QA the localization results
Of course your work needs revision. Quality Assurance is vital to have a large project like Mozilla coherent, usable and bug free.
There are several levels of testing, which can iteratively improve the overall quality of the localization:
- Once your language is active in Mozilla, you can explore the large amount
of dialog windows constituting the Mozilla interface, by loading the XUL
user interface files in the browser.
Within the chrome/ folder look inside the .jar archives (with a PKZip compatible utility) and look for *.xul files. They're contained under a content/ folder, grouped by components.
With Navigator open these files typing the corresponding "chrome://" URL in the address bar.
Example: let's open the file abSelectAddressesDialog.xul, found inside messenger.jar, under the path /content/messenger/addressbook/. We need to type in the Navigator address field: chrome://messenger/content/addressbook/abSelectAddressesDialog.xul
Often the strings you're about to localize in a DTD file, are used in by a .xul file with a similar name (E.g. abSelectAddressesDialog.xul uses the strings placed in abSelectAddressesDialog.dtd).
- Use the program! Yes, this is of course the best practice.
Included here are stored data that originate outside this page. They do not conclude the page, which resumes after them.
(* There is an absolute constant $c'>0$ such that the following holds. Let $m\ge1$, $n>2m$ be integers and $\sigma_1^2,\dots,\sigma_n^2>0$. Let $L\subset G^{r}$, $|L|=2m$, consist of $2m$ arms of $G^{r}$ with the largest variances. Define $\eta_F=\binom{2m}{m-1}^{-1}$ for every $F\subset L$ with $|F|=m-1$ and $\eta_F=0$ for every other $F\subset[n]$ with $|F|=m-1$. Then \[ \sum_{M\subset[n]:|M|=m}\Big(\sum_{l\in M}\eta_{M\setminus\{l\}}\sigma_l^2\Big)\,\mathrm{Ent}\big(\{\eta_{M\setminus\{l\}}\sigma_l^2\}_{l\in M}\big)\ \ge\ c'\sum_{i\in G^{l}}\sigma_i^2\,\mathrm{Ent}(\sigma^2_{G^{r}})-\ln(2)\sum_{i\in L}\sigma_i^2 . \]
   Context: For a nonnegative vector $a$, $\mathrm{Ent}(a)=-\sum_i\hat a_i\ln\hat a_i$ with $\hat a_i=a_i/\sum_ja_j$ and $0\ln0=0$ (a term whose vector is identically zero contributes $0$); $\sigma^2_S=(\sigma_i^2)_{i\in S}$. Let $\underline\sigma^2=\min_i\sigma_i^2$, $G_j=\{i\in[n]:2^{j-1}\le\sigma_i^2/\underline\sigma^2<2^j\}$ for $j=1,\dots,k$ covering $[n]$. $G^{l}=\bigcup_{j:|G_j|\le2m}G_j$. $G'_j=G_j$ if $|G_j|\le2m$, otherwise $G'_j\subset G_j$ with $|G'_j|=2m$; $G^{r}=\bigcup_jG'_j$, the choices made to maximize $\mathrm{Ent}(\sigma^2_{G^{r}})$. (Under $n>2m$ one has $|G^{r}|\ge2m$, so $L$ exists.) *)

theory Defs
  imports Complex_Main
begin

text \<open>Arms are indexed by [n] = {1..n}; v i is the variance sigma_i^2.\<close>

definition Ent :: "('a \<Rightarrow> real) \<Rightarrow> 'a set \<Rightarrow> real" where
  "Ent a S = (let s = (\<Sum>j\<in>S. a j) in
     if s = 0 then 0
     else - (\<Sum>i\<in>S. if a i = 0 then 0 else (a i / s) * ln (a i / s)))"

definition minvar :: "nat \<Rightarrow> (nat \<Rightarrow> real) \<Rightarrow> real" where
  "minvar n v = Min (v ` {1..n})"

definition grp :: "nat \<Rightarrow> (nat \<Rightarrow> real) \<Rightarrow> nat \<Rightarrow> nat set" where
  "grp n v j = {i \<in> {1..n}. (2::real) ^ (j - 1) \<le> v i / minvar n v \<and> v i / minvar n v < 2 ^ j}"

definition Gl :: "nat \<Rightarrow> nat \<Rightarrow> (nat \<Rightarrow> real) \<Rightarrow> nat set" where
  "Gl n m v = \<Union> {grp n v j | j. 1 \<le> j \<and> card (grp n v j) \<le> 2 * m}"

definition admissible_Gr :: "nat \<Rightarrow> nat \<Rightarrow> (nat \<Rightarrow> real) \<Rightarrow> nat set \<Rightarrow> bool" where
  "admissible_Gr n m v R \<longleftrightarrow> R \<subseteq> {1..n} \<and>
     (\<forall>j\<ge>1. if card (grp n v j) \<le> 2 * m then R \<inter> grp n v j = grp n v j
             else card (R \<inter> grp n v j) = 2 * m)"

definition is_Gr :: "nat \<Rightarrow> nat \<Rightarrow> (nat \<Rightarrow> real) \<Rightarrow> nat set \<Rightarrow> bool" where
  "is_Gr n m v R \<longleftrightarrow> admissible_Gr n m v R \<and>
     (\<forall>R'. admissible_Gr n m v R' \<longrightarrow> Ent v R' \<le> Ent v R)"

definition is_top :: "nat \<Rightarrow> (nat \<Rightarrow> real) \<Rightarrow> nat set \<Rightarrow> nat set \<Rightarrow> bool" where
  "is_top m v R L \<longleftrightarrow> L \<subseteq> R \<and> card L = 2 * m \<and> (\<forall>i\<in>L. \<forall>j\<in>R - L. v j \<le> v i)"

definition eta :: "nat \<Rightarrow> nat set \<Rightarrow> nat set \<Rightarrow> real" where
  "eta m L F = (if F \<subseteq> L \<and> card F = m - 1 then 1 / real ((2 * m) choose (m - 1)) else 0)"

end

theory Submission
  imports Defs "HOL-Analysis.Harmonic_Numbers"
begin

(* Write H(A) = (sum_{i in A} v_i) Ent(v, A) = sum_{i in A} v_i ln(V_A / v_i), where V_A is the
   total variance of A.

   Only the m-subsets M of L receive nonzero weights, and all of these weights equal
   eta = 1 / C(2m, m-1); so the left-hand side is at least eta times the sum of H(M) over the
   m-subsets of L.  Since H(M) = sum_{l in M} v_l ln(V_L / v_l) - V_M ln(V_L / V_M), double counting
   the first sum and pairing M with L - M in the second (a binary entropy is at most ln 2) gives
   the lower bound H(L)/2 - V_L ln 2.

   On the right, G^l is contained in G^r, and every arm of G^r - L has variance at most
   a = min_L v.  Each dyadic group meets G^r in at most 2m arms, so the square roots of the
   variances in G^r - L sum to at most 10 m sqrt a.  With V = V_{G^r}, splitting
   ln(V / v_i) = ln(V / a) + ln(a / v_i) and bounding ln(a / v_i) by 2 sqrt(a / v_i) shows that the
   tail adds at most O(H(L) + V_L) to H(G^r), because 2m a ln(V_L / a) <= H(L) + V_L.
   Altogether (sum_{G^l} v) Ent(v, G^r) is at most 6 H(L) + 45 V_L, and ln 2 >= 2/3 lets
   c' = 1/200 absorb the constants. *)

section \<open>Entropy of positive weights\<close>

lemma Ent_cong:
  assumes "\<And>i. i \<in> A \<Longrightarrow> a i = b i"
  shows "Ent a A = Ent b A"
proof -
  have "sum a A = sum b A" using assms by (rule sum.cong[OF refl])
  then show ?thesis using assms unfolding Ent_def Let_def by (auto intro!: sum.cong)
qed

lemma Ent_cmult: "0 < c \<Longrightarrow> Ent (\<lambda>i. c * a i) A = Ent a A"
  by (auto simp: Ent_def Let_def simp flip: sum_distrib_left intro!: sum.cong)

lemma Ent_nonneg:
  assumes "\<And>i. i \<in> A \<Longrightarrow> 0 \<le> a i"
  shows "0 \<le> Ent a A"
proof (cases "finite A \<and> (\<Sum>j\<in>A. a j) \<noteq> 0")
  case True
  define s where "s = (\<Sum>j\<in>A. a j)"
  have "0 < s" using True assms by (simp add: s_def order_le_neq_trans sum_nonneg)
  have "(if a i = 0 then 0 else a i / s * ln (a i / s)) \<le> 0" if "i \<in> A" for i
  proof -
    have "a i \<le> s" unfolding s_def using True assms that by (intro member_le_sum) auto
    then have "ln (a i / s) \<le> 0"
      using \<open>0 < s\<close> assms[OF that] by (cases "a i = 0") auto
    then show ?thesis
      using \<open>0 < s\<close> assms[OF that] by (simp add: mult_nonneg_nonpos divide_nonpos_pos)
  qed
  then show ?thesis using True by (simp add: Ent_def Let_def s_def[symmetric] sum_nonpos)
qed (auto simp: Ent_def)

lemma sum_mult_Ent:
  assumes "finite A" "\<And>i. i \<in> A \<Longrightarrow> 0 < a i"
  shows "(\<Sum>j\<in>A. a j) * Ent a A = (\<Sum>i\<in>A. a i * ln ((\<Sum>j\<in>A. a j) / a i))"
proof (cases "A = {}")
  case False
  define s where "s = (\<Sum>j\<in>A. a j)"
  have "0 < s" unfolding s_def using assms False by (intro sum_pos) auto
  have "s * Ent a A = (\<Sum>i\<in>A. - (s * (a i / s * ln (a i / s))))"
    using \<open>0 < s\<close> assms
    by (simp add: Ent_def Let_def s_def[symmetric] sum_distrib_left sum_negf less_imp_neq[symmetric])
  also have "\<dots> = (\<Sum>i\<in>A. a i * ln (s / a i))"
    using \<open>0 < s\<close> assms by (intro sum.cong) (auto simp: ln_div algebra_simps)
  finally show ?thesis by (simp add: s_def)
qed simp

lemma sum_mult_ln_rescale:
  assumes "finite A" "A \<noteq> {}" "\<And>i. i \<in> A \<Longrightarrow> 0 < v i" "0 < N"
  shows "(\<Sum>i\<in>A. v i * ln (N / v i))
       = (\<Sum>i\<in>A. v i) * Ent v A + (\<Sum>i\<in>A. v i) * ln (N / (\<Sum>i\<in>A. v i))"
proof -
  have "0 < (\<Sum>i\<in>A. v i)" using assms by (intro sum_pos) auto
  then have "(\<Sum>i\<in>A. v i * ln (N / v i))
      = (\<Sum>i\<in>A. v i * ln ((\<Sum>j\<in>A. v j) / v i) + v i * ln (N / (\<Sum>j\<in>A. v j)))"
    using assms by (intro sum.cong) (auto simp: ln_div algebra_simps)
  then show ?thesis using assms by (simp add: sum.distrib sum_mult_Ent flip: sum_distrib_right)
qed

lemma binary_entropy_le_ln2:
  fixes x y :: real
  assumes "0 < x" "0 < y"
  shows "x * ln ((x + y) / x) + y * ln ((x + y) / y) \<le> (x + y) * ln 2"
proof -
  have "x * ln ((x + y) / (2 * x)) \<le> x * ((x + y) / (2 * x) - 1)"
    and "y * ln ((x + y) / (2 * y)) \<le> y * ((x + y) / (2 * y) - 1)"
    using assms by (intro mult_left_mono ln_le_minus_one; simp)+
  moreover have "x * ((x + y) / (2 * x) - 1) + y * ((x + y) / (2 * y) - 1) = 0"
    using assms by (simp add: field_simps)
  ultimately show ?thesis using assms by (simp add: ln_div ln_mult algebra_simps)
qed

lemma mult_ln_div_le_sqrt:
  fixes a x N :: real
  assumes "0 < x" "x \<le> a" "0 < N"
  shows "x * ln (N / x) \<le> x * ln (N / a) + 2 * sqrt a * sqrt x"
proof -
  have "ln (sqrt (a / x)) \<le> sqrt (a / x) - 1"
    using assms by (intro ln_le_minus_one) auto
  then have "ln (a / x) \<le> 2 * sqrt (a / x)"
    using assms by (simp add: ln_sqrt)
  then have "x * ln (a / x) \<le> x * (2 * sqrt (a / x))"
    using assms by (intro mult_left_mono) auto
  also have "x * (2 * sqrt (a / x)) = 2 * sqrt a * sqrt x"
    using assms by (simp add: real_sqrt_divide field_simps)
  finally show ?thesis
    using assms by (simp add: ln_div algebra_simps)
qed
Beside the day
by day usage, try to plan a systematic coverage of all the available
features, menu item by menu item, button by button.
- Encourage feedback from users, since it is usually easier for a third person see mistakes made by someone else.
But don't just stop there. Let the world knows about your work! Take contact with some news site in your language and let the people know a program talking their language exist. This might even more important when your work is not published in synch with English mozilla.org releases.
You might find sometimes a CC list for your announcement messages could be enough. Some other times you might want to create an account in some sites where you can post an announcement message through an online form.
This is likely to have the effect of more people downloading and testing your work. If they find something skipped under your eyes, be open and accept their feedback. As I said, quality can be improved mostly using the application.